New report debunks Democratic narrative that teachers are ‘underpaid’

A new Manhattan Institute report debunks the Democrats’ narrative on education.

Presidential contender Bernie Sanders has lamented the “savage” cuts to education, the “starvation wages of our teachers,” and our “crumbling schools,” while his fellow candidate Elizabeth Warren has complained that “many schools can barely afford nurses or counselors for students – and teachers dip into their own pockets for basic supplies.”

Democrats tell the public that American education is underfunded, teachers are overworked and underpaid, and our schools are decrepit. People often fall for this narrative because they have never been told otherwise. Frankly, left-wing politicians influenced by campaign donations from teachers’ unions have miseducated the public on school finance issues.

“They believe it because they’re told it, repeatedly, by Democrat politicians, teachers’ unions, and foundation-funded education advocacy organizations. There is no real constituency that has an interest in publicly countering the narrative,” Manhattan Institute Senior Fellow Max Eden told the Washington Examiner.

He said “fiscal conservatives have plenty else to object to, and few politicians are willing to devote their scarce time to trying to tell the public ‘we spend enough on your kids already!’”

As a result, the majority of Americans vastly underestimate both how much funding schools receive and how much teachers are paid. In a recent EdChoice study, 55% of respondents said the U.S. spends $5,000 or less per student.

The actual figure? An average of $11,762.

Some states, such as New York, Connecticut, and New Jersey, even exceed $18,000 per pupil. When provided with the actual per-student spending statistics, Americans are much less likely to think public school spending is too low.

Eden points to an eminently reasonable solution:

State legislators should require every school district to annually perform and post an accounting of total spending and where it goes. School spending has risen substantially, but teacher pay has not … More transparency about finance data could potentially help teachers’ unions do the job that they should be doing.

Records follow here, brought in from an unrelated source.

(* Let $\varphi:\Lambda\to\Gamma$ be a regular covering map of finite simplicial graphs with $\Gamma$ and $\Lambda$ connected. Let $v$ be a vertex of $\Gamma$, $B$ a connected component of $\Gamma\setminus\mathrm{st}(v)$, $\tilde B$ a connected component of $\varphi^{-1}(B)$, and $D=\bigcap_{u\in\varphi^{-1}(v)}C(u,\tilde B)$. Then either $\varphi^{-1}(B)\subseteq D$, or $C(u,\tilde B)=D$ for a vertex $u\in\varphi^{-1}(v)$ whose star is adjacent to $\tilde B$.
   Context: Graphs are finite simplicial graphs; subgraphs are induced. $\mathrm{st}(u)$ is the subgraph induced by $u$ and its neighbours. A covering map $\varphi:\Lambda\to\Gamma$ is a surjective simplicial map mapping the neighbours of each vertex $u$ bijectively onto the neighbours of $\varphi(u)$; regular means the group of graph automorphisms $\mu$ of $\Lambda$ with $\varphi\mu=\varphi$ acts transitively on each fiber. For a vertex $u$ of $\Lambda$ and a connected subgraph $A$ of $\Lambda$ disjoint from $\mathrm{st}(u)$, $C(u,A)$ denotes the component of $\Lambda\setminus\mathrm{st}(u)$ containing $A$. Two disjoint subgraphs are adjacent if some edge has one endpoint in each. *)

theory Defs
  imports Main
begin

definition sgraph :: "'a set \<Rightarrow> ('a \<Rightarrow> 'a \<Rightarrow> bool) \<Rightarrow> bool" where
  "sgraph V E \<longleftrightarrow> finite V \<and> (\<forall>x y. E x y \<longrightarrow> x \<in> V \<and> y \<in> V)
     \<and> (\<forall>x y. E x y \<longrightarrow> E y x) \<and> (\<forall>x. \<not> E x x)"

definition nbrs :: "'a set \<Rightarrow> ('a \<Rightarrow> 'a \<Rightarrow> bool) \<Rightarrow> 'a \<Rightarrow> 'a set" where
  "nbrs V E u = {w \<in> V. E u w}"

text \<open>Vertex set of st(u): u together with its neighbours (the subgraph is induced).\<close>
definition star :: "'a set \<Rightarrow> ('a \<Rightarrow> 'a \<Rightarrow> bool) \<Rightarrow> 'a \<Rightarrow> 'a set" where
  "star V E u = insert u (nbrs V E u)"

definition connected_in :: "('a \<Rightarrow> 'a \<Rightarrow> bool) \<Rightarrow> 'a set \<Rightarrow> bool" where
  "connected_in E S \<longleftrightarrow> S \<noteq> {} \<and>
     (\<forall>x\<in>S. \<forall>y\<in>S. (x, y) \<in> {(a, b). a \<in> S \<and> b \<in> S \<and> E a b}\<^sup>*)"

definition component_of :: "('a \<Rightarrow> 'a \<Rightarrow> bool) \<Rightarrow> 'a set \<Rightarrow> 'a set \<Rightarrow> bool" where
  "component_of E S C \<longleftrightarrow> C \<subseteq> S \<and> connected_in E C \<and>
     (\<forall>C'. C \<subseteq> C' \<and> C' \<subseteq> S \<and> connected_in E C' \<longrightarrow> C' = C)"

definition Ccomp :: "'a set \<Rightarrow> ('a \<Rightarrow> 'a \<Rightarrow> bool) \<Rightarrow> 'a \<Rightarrow> 'a set \<Rightarrow> 'a set" where
  "Ccomp V E u A = (THE C. component_of E (V - star V E u) C \<and> A \<subseteq> C)"

definition adjacent_sets :: "('a \<Rightarrow> 'a \<Rightarrow> bool) \<Rightarrow> 'a set \<Rightarrow> 'a set \<Rightarrow> bool" where
  "adjacent_sets E X Y \<longleftrightarrow> X \<inter> Y = {} \<and> (\<exists>x\<in>X. \<exists>y\<in>Y. E x y)"

definition covering_map ::
  "'a set \<Rightarrow> ('a \<Rightarrow> 'a \<Rightarrow> bool) \<Rightarrow> 'b set \<Rightarrow> ('b \<Rightarrow> 'b \<Rightarrow> bool) \<Rightarrow> ('a \<Rightarrow> 'b) \<Rightarrow> bool" where
  "covering_map VL EL VG EG \<phi> \<longleftrightarrow>
     \<phi> ` VL = VG \<and> (\<forall>x y. EL x y \<longrightarrow> EG (\<phi> x) (\<phi> y)) \<and>
     (\<forall>u\<in>VL. bij_betw \<phi> (nbrs VL EL u) (nbrs VG EG (\<phi> u)))"

definition deck_transformation ::
  "'a set \<Rightarrow> ('a \<Rightarrow> 'a \<Rightarrow> bool) \<Rightarrow> ('a \<Rightarrow> 'b) \<Rightarrow> ('a \<Rightarrow> 'a) \<Rightarrow> bool" where
  "deck_transformation VL EL \<phi> \<mu> \<longleftrightarrow>
     bij_betw \<mu> VL VL \<and> (\<forall>x\<in>VL. \<forall>y\<in>VL. EL x y \<longleftrightarrow> EL (\<mu> x) (\<mu> y)) \<and>
     (\<forall>x\<in>VL. \<phi> (\<mu> x) = \<phi> x)"

definition regular_covering ::
  "'a set \<Rightarrow> ('a \<Rightarrow> 'a \<Rightarrow> bool) \<Rightarrow> 'b set \<Rightarrow> ('b \<Rightarrow> 'b \<Rightarrow> bool) \<Rightarrow> ('a \<Rightarrow> 'b) \<Rightarrow> bool" where
  "regular_covering VL EL VG EG \<phi> \<longleftrightarrow> covering_map VL EL VG EG \<phi> \<and>
     (\<forall>x\<in>VL. \<forall>y\<in>VL. \<phi> x = \<phi> y \<longrightarrow>
        (\<exists>\<mu>. deck_transformation VL EL \<phi> \<mu> \<and> \<mu> x = y))"

end

theory Submission
  imports Defs
begin

text \<open>
  Call a vertex \<open>u\<close> over \<open>v\<close> adjacent if \<open>st(u)\<close> is adjacent to \<open>Bt\<close>. Every edge leaving
  \<open>Bt\<close> ends in the star of an adjacent vertex, and there is at least one such edge since
  \<open>\<Lambda>\<close> is connected.

  If \<open>u\<^sub>0\<close> is the only adjacent vertex, no edge leaves \<open>Bt\<close> inside \<open>\<Lambda> - st(u\<^sub>0)\<close>, so
  \<open>C(u\<^sub>0, Bt) = Bt\<close>, which is contained in every \<open>C(u, Bt)\<close>; hence \<open>C(u\<^sub>0, Bt) = D\<close>.

  Otherwise fix \<open>u\<close> over \<open>v\<close>. Each vertex \<open>a\<close> over \<open>B\<close> lies in a deck translate of \<open>Bt\<close>,
  which is adjacent to the stars of two distinct vertices over \<open>v\<close>; so the component \<open>K\<close> of
  \<open>a\<close> in \<open>\<Lambda> - st(u)\<close> contains \<open>st(w)\<close> for some \<open>w \<noteq> u\<close> over \<open>v\<close>. A deck transformation
  \<open>\<mu>\<close> with \<open>\<mu> u = w\<close> maps the components of \<open>\<Lambda> - st(u)\<close> bijectively and
  size-preservingly onto those of \<open>\<Lambda> - st(w)\<close>, and all of the latter except the one
  containing \<open>st(u)\<close> lie in \<open>K - st(w)\<close>. Hence \<open>K\<close> is strictly the largest component of
  \<open>\<Lambda> - st(u)\<close>. As this holds for every \<open>a\<close> over \<open>B\<close>, they all lie in one component,
  namely \<open>C(u, Bt)\<close>, so the preimage of \<open>B\<close> is contained in \<open>D\<close>.
\<close>

section \<open>Components of induced subgraphs\<close>

definition edges_within :: "('a \<Rightarrow> 'a \<Rightarrow> bool) \<Rightarrow> 'a set \<Rightarrow> ('a \<times> 'a) set" where
  "edges_within E S = {(a, b). a \<in> S \<and> b \<in> S \<and> E a b}"

text \<open>For \<open>x \<notin> S\<close> this is the junk value \<open>{x}\<close>; all lemmas assume \<open>x \<in> S\<close> where it matters.\<close>
definition component_at :: "('a \<Rightarrow> 'a \<Rightarrow> bool) \<Rightarrow> 'a set \<Rightarrow> 'a \<Rightarrow> 'a set" where
  "component_at E S x = {y. (x, y) \<in> (edges_within E S)\<^sup>*}"

lemma sgraph_symp: "sgraph V E \<Longrightarrow> symp E"
  unfolding sgraph_def by (blast intro: sympI)

lemma connected_in_iff:
  "connected_in E S \<longleftrightarrow> S \<noteq> {} \<and> (\<forall>x\<in>S. \<forall>y\<in>S. (x, y) \<in> (edges_within E S)\<^sup>*)"
  unfolding connected_in_def edges_within_def by simp

lemma edges_within_rtrancl_mono:
  "(x, y) \<in> (edges_within E A)\<^sup>* \<Longrightarrow> A \<subseteq> B \<Longrightarrow> (x, y) \<in> (edges_within E B)\<^sup>*"
  using rtrancl_mono[of "edges_within E A" "edges_within E B"]
  unfolding edges_within_def by blast

lemma edges_within_rtrancl_sym:
  assumes "symp E" and "(x, y) \<in> (edges_within E S)\<^sup>*"
  shows "(y, x) \<in> (edges_within E S)\<^sup>*"
proof -
  have "sym (edges_within E S)"
    unfolding sym_def edges_within_def using assms(1) by (auto dest: sympD)
  then show ?thesis using assms(2) sym_rtrancl unfolding sym_def by blast
qed

lemma edges_within_rtrancl_mem: "(x, y) \<in> (edges_within E S)\<^sup>* \<Longrightarrow> x \<in> S \<Longrightarrow> y \<in> S"
  by (induction rule: rtrancl_induct) (auto simp: edges_within_def)

lemma component_at_self [simp]: "x \<in> component_at E S x"
  unfolding component_at_def by simp

lemma component_at_subset: "x \<in> S \<Longrightarrow> component_at E S x \<subseteq> S"
  unfolding component_at_def by (auto dest: edges_within_rtrancl_mem)

lemma component_at_edge_closed:
  assumes "y \<in> component_at E S x" and "y \<in> S" and "z \<in> S" and "E y z"
  shows "z \<in> component_at E S x"
proof -
  have "(y, z) \<in> edges_within E S" using assms(2-4) by (simp add: edges_within_def)
  with assms(1) show ?thesis unfolding component_at_def by (simp add: rtrancl_into_rtrancl)
qed

lemma connected_in_from_root:
  assumes "symp E" and "a \<in> A" and "\<forall>x\<in>A. (a, x) \<in> (edges_within E A)\<^sup>*"
  shows "connected_in E A"
  unfolding connected_in_iff
  using assms edges_within_rtrancl_sym[OF assms(1)] by (meson empty_iff rtrancl_trans)

lemma edges_within_rtrancl_component_at:
  "(x, y) \<in> (edges_within E S)\<^sup>* \<Longrightarrow> (x, y) \<in> (edges_within E (component_at E S x))\<^sup>*"
proof (induction rule: rtrancl_induct)
  case (step y z)
  have "(x, z) \<in> (edges_within E S)\<^sup>*" using step.hyps by (rule rtrancl_into_rtrancl)
  with step.hyps have "(y, z) \<in> edges_within E (component_at E S x)"
    unfolding component_at_def by (simp add: edges_within_def)
  with step.IH show ?case by (rule rtrancl_into_rtrancl)
qed simp

lemma connected_in_component_at:
  assumes "symp E"
  shows "connected_in E (component_at E S x)"
proof (rule connected_in_from_root[OF assms component_at_self], rule ballI)
  fix y assume "y \<in> component_at E S x"
  then have "(x, y) \<in> (edges_within E S)\<^sup>*" by (simp add: component_at_def)
  then show "(x, y) \<in> (edges_within E (component_at E S x))\<^sup>*"
    by (rule edges_within_rtrancl_component_at)
qed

Eden’s report notes that last year’s wave of teacher strikes threw teacher pay into the spotlight, highlighting the states — Oklahoma and West Virginia — that are compensation outliers.

The general public thinks teachers make about $18,000 less than they actually do on average. When provided with the actual figure, the percentage of those who agree with Democrats and think teachers need a raise drops from 67% to 49%.

Cold, hard facts resist the dominant political narrative, and the American people deserve to know them. Too bad the facts don’t support the Democratic narrative in the slightest.

Kate Hardiman taught high school in Chicago for two years while earning her Master of Education and is now a Juris Doctor candidate at Georgetown University Law Center.